While mutagenesis of the Amh promoter has highlighted the requirement of GATA binding for Amh transcription, simultaneous deletion of Gata4 and Gata6 in Sertoli and Leydig cells in the fetal testis has favored the opposite view (38). GATA1 was first proposed to disrupt GATA4 action at the Amh promoter thereby decreasing Amh expression (59). A separate study reported that AMH levels remained high beyond its normal period of decline in postnatal mouse testis lacking both GATA4 and GATA6 (38). GATA1 was also absent in this model (38).

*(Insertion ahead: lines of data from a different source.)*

(* Let $v \sim \mathcal{N}(0, I_d)$ and $\alpha > 0$. Then for any $p \ge 1$ and any fixed unit vector $s \in \mathbb{S}^{d-1}$, $$\mathbb{E}[\|v\|^p \mid |\langle v, s\rangle| \ge \alpha]^{1/p} \le 2\alpha + (2p)^{1/2} + (d+p-1)^{1/2}.$$
   Context: $\|\cdot\|$ is the Euclidean norm and $\langle\cdot,\cdot\rangle$ the standard inner product on $\mathbb{R}^d$. *)

theory Defs
  imports "HOL-Probability.Probability"
begin

definition std_gaussian :: "'a::euclidean_space measure" where
  "std_gaussian = density lborel
     (\<lambda>x. ennreal ((2 * pi) powr (- real DIM('a) / 2) * exp (- (norm x)\<^sup>2 / 2)))"

definition cond_exp_event :: "'a measure \<Rightarrow> ('a \<Rightarrow> real) \<Rightarrow> 'a set \<Rightarrow> real" where
  "cond_exp_event M f A = (\<integral>x. indicator A x * f x \<partial>M) / measure M A"

end

theory Submission
  imports Defs
begin

(*
  Write v = t s + w with t = v \<bullet> s and w orthogonal to s. Under the Gaussian, t and w are
  independent and the event only constrains t. For a, b > 0, convexity of x powr p gives
    norm v powr p \<le> (|t| + norm w) powr p
                 \<le> (a + b) powr (p - 1) * (|t| powr p / a powr (p - 1) + norm w powr p / b powr (p - 1)),
  so it suffices to bound the conditional p-th moment of |t| by a powr p for a = \<alpha> + sqrt (2 p)
  and the p-th moment of norm w by b powr p for b = sqrt (d + p - 1): the right-hand side then
  integrates to (a + b) powr p. The first bound follows from Chebyshev's integral inequality after
  factoring the Gaussian tail, the second from z powr (p / 2) \<le> C exp (\<mu> z) and the moment
  generating function of the chi-squared variable (norm w)\<^sup>2 with d - 1 degrees of freedom.
*)

section \<open>Elementary inequalities\<close>

lemma sqrt_powr: "x \<ge> 0 \<Longrightarrow> sqrt x powr p = x powr (p / 2)"
  by (simp add: powr_half_sqrt[symmetric] powr_powr)

lemma powr_le_mult_exp:
  fixes z q \<mu> :: real
  assumes z: "z \<ge> 0" and q: "q > 0" and \<mu>: "\<mu> > 0"
  shows "z powr q \<le> (q / (\<mu> * exp 1)) powr q * exp (\<mu> * z)"
proof (cases "z = 0")
  case True
  then show ?thesis using q by simp
next
  case False
  then have z: "z > 0" using z by simp
  have "ln (\<mu> * z / q) \<le> \<mu> * z / q - 1"
    using z q \<mu> by (intro ln_le_minus_one) auto
  then have "q * ln z \<le> q * (ln q - ln \<mu> - 1) + \<mu> * z"
    using z q \<mu> by (simp add: ln_div ln_mult field_simps)
  then have "exp (q * ln z) \<le> exp (q * (ln q - ln \<mu> - 1) + \<mu> * z)" by simp
  then show ?thesis
    using z q \<mu> by (simp add: powr_def ln_div ln_mult mult_exp_exp algebra_simps)
qed

lemma powr_add_le_convex_split:
  fixes a b u w p :: real
  assumes a: "a > 0" and b: "b > 0" and u: "u \<ge> 0" and w: "w \<ge> 0" and p: "p \<ge> 1"
  shows "(u + w) powr p \<le> (a + b) powr (p - 1) * (u powr p / a powr (p - 1) + w powr p / b powr (p - 1))"
proof -
  define S where "S = a + b"
  have S: "S > 0" "a \<le> S" "b \<le> S" using a b by (auto simp: S_def)
  consider "u = 0" | "w = 0" | "u > 0" "w > 0" using u w by linarith
  then show ?thesis
  proof cases
    case 1
    have "b powr (p - 1) \<le> S powr (p - 1)" using S b p by (intro powr_mono2) auto
    then have "w powr p * 1 \<le> w powr p * (S powr (p - 1) / b powr (p - 1))"
      using b by (intro mult_left_mono) auto
    then show ?thesis using 1 p by (simp add: S_def mult.commute)
  next
    case 2
    have "a powr (p - 1) \<le> S powr (p - 1)" using S a p by (intro powr_mono2) auto
    then have "u powr p * 1 \<le> u powr p * (S powr (p - 1) / a powr (p - 1))"
      using a by (intro mult_left_mono) auto
    then show ?thesis using 2 p by (simp add: S_def mult.commute)
  next
    case 3
    \<comment> \<open>Jensen for \<open>x powr p\<close> at the points \<open>u S / a\<close>, \<open>w S / b\<close> with weights \<open>a / S\<close>, \<open>b / S\<close>.\<close>
    define t where "t = b / S"
    have t: "0 \<le> t" "t \<le> 1" and omt: "1 - t = a / S"
      using S b by (auto simp: t_def S_def field_simps)
    have x: "u * S / a \<in> {0<..}" and y: "w * S / b \<in> {0<..}" using 3 S a b by auto
    have "((1 - t) *\<^sub>R (u * S / a) + t *\<^sub>R (w * S / b)) powr p
       \<le> (1 - t) * (u * S / a) powr p + t * (w * S / b) powr p"
      by (rule convex_onD[OF powr_convex[OF p] t x y])
    moreover have "(1 - t) *\<^sub>R (u * S / a) + t *\<^sub>R (w * S / b) = u + w"
      using S a b unfolding omt by (simp add: t_def)
    moreover have "(1 - t) * (u * S / a) powr p = S powr (p - 1) * (u powr p / a powr (p - 1))"
      using S a b 3 unfolding omt by (simp add: powr_divide powr_mult powr_diff field_simps)
    moreover have "t * (w * S / b) powr p = S powr (p - 1) * (w powr p / b powr (p - 1))"
      using S a b 3 by (simp add: t_def powr_divide powr_mult powr_diff field_simps)
    ultimately show ?thesis by (simp add: S_def distrib_left)
  qed
qed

These observations led to the suggestion that GATA factors negatively regulate Amh gene transcription, at least in postnatal Sertoli cells (38). However, male gonads lacking GATA4 and GATA6 also have compromised steroidogenic gene expression during the fetal period, and a reported reduction of serum testosterone beyond puberty (38). Testosterone, acting through the androgen receptor, is known to attenuate AMH production in Sertoli cells (60, 61). This might account for the differences in Amh expression seen in a GATA4/6-deficient mouse testis model where androgen production is notably reduced (38), in comparison to a mouse model where the GATA binding motif in the Amh promoter is mutated and androgen levels are not affected (57).

The Dmrt1 gene has been proposed to be another GATA4 target in the fetal testis (33). DMRT1 is an evolutionarily conserved transcription factor that regulates testis development in all vertebrates (62). Testes from Dmrt1^-/- mice, and animals where Gata4 was conditionally inactivated in testes after sex determination, share a similar testicular cord defect beginning at the mid-fetal stage (33). This suggested that Dmrt1 gene expression in Sertoli cells is directly regulated by GATA4. In support of this, the cis-regulatory elements for the Dmrt1 gene have been mapped in primary Sertoli cells cultures and shown to contain multiple active GATA binding motifs (63). However, GATA4 is not required to maintain somatic Dmrt1 expression after fetal development as adult Sertoli cells lacking GATA4 continue to express Dmrt1 (33). Moreover, while both GATA4 and FOG2 are required for the differentiation of pre-Sertoli cells, Dmrt1 expression in fetal Sertoli cells continues to require GATA4 but not FOG2 (33).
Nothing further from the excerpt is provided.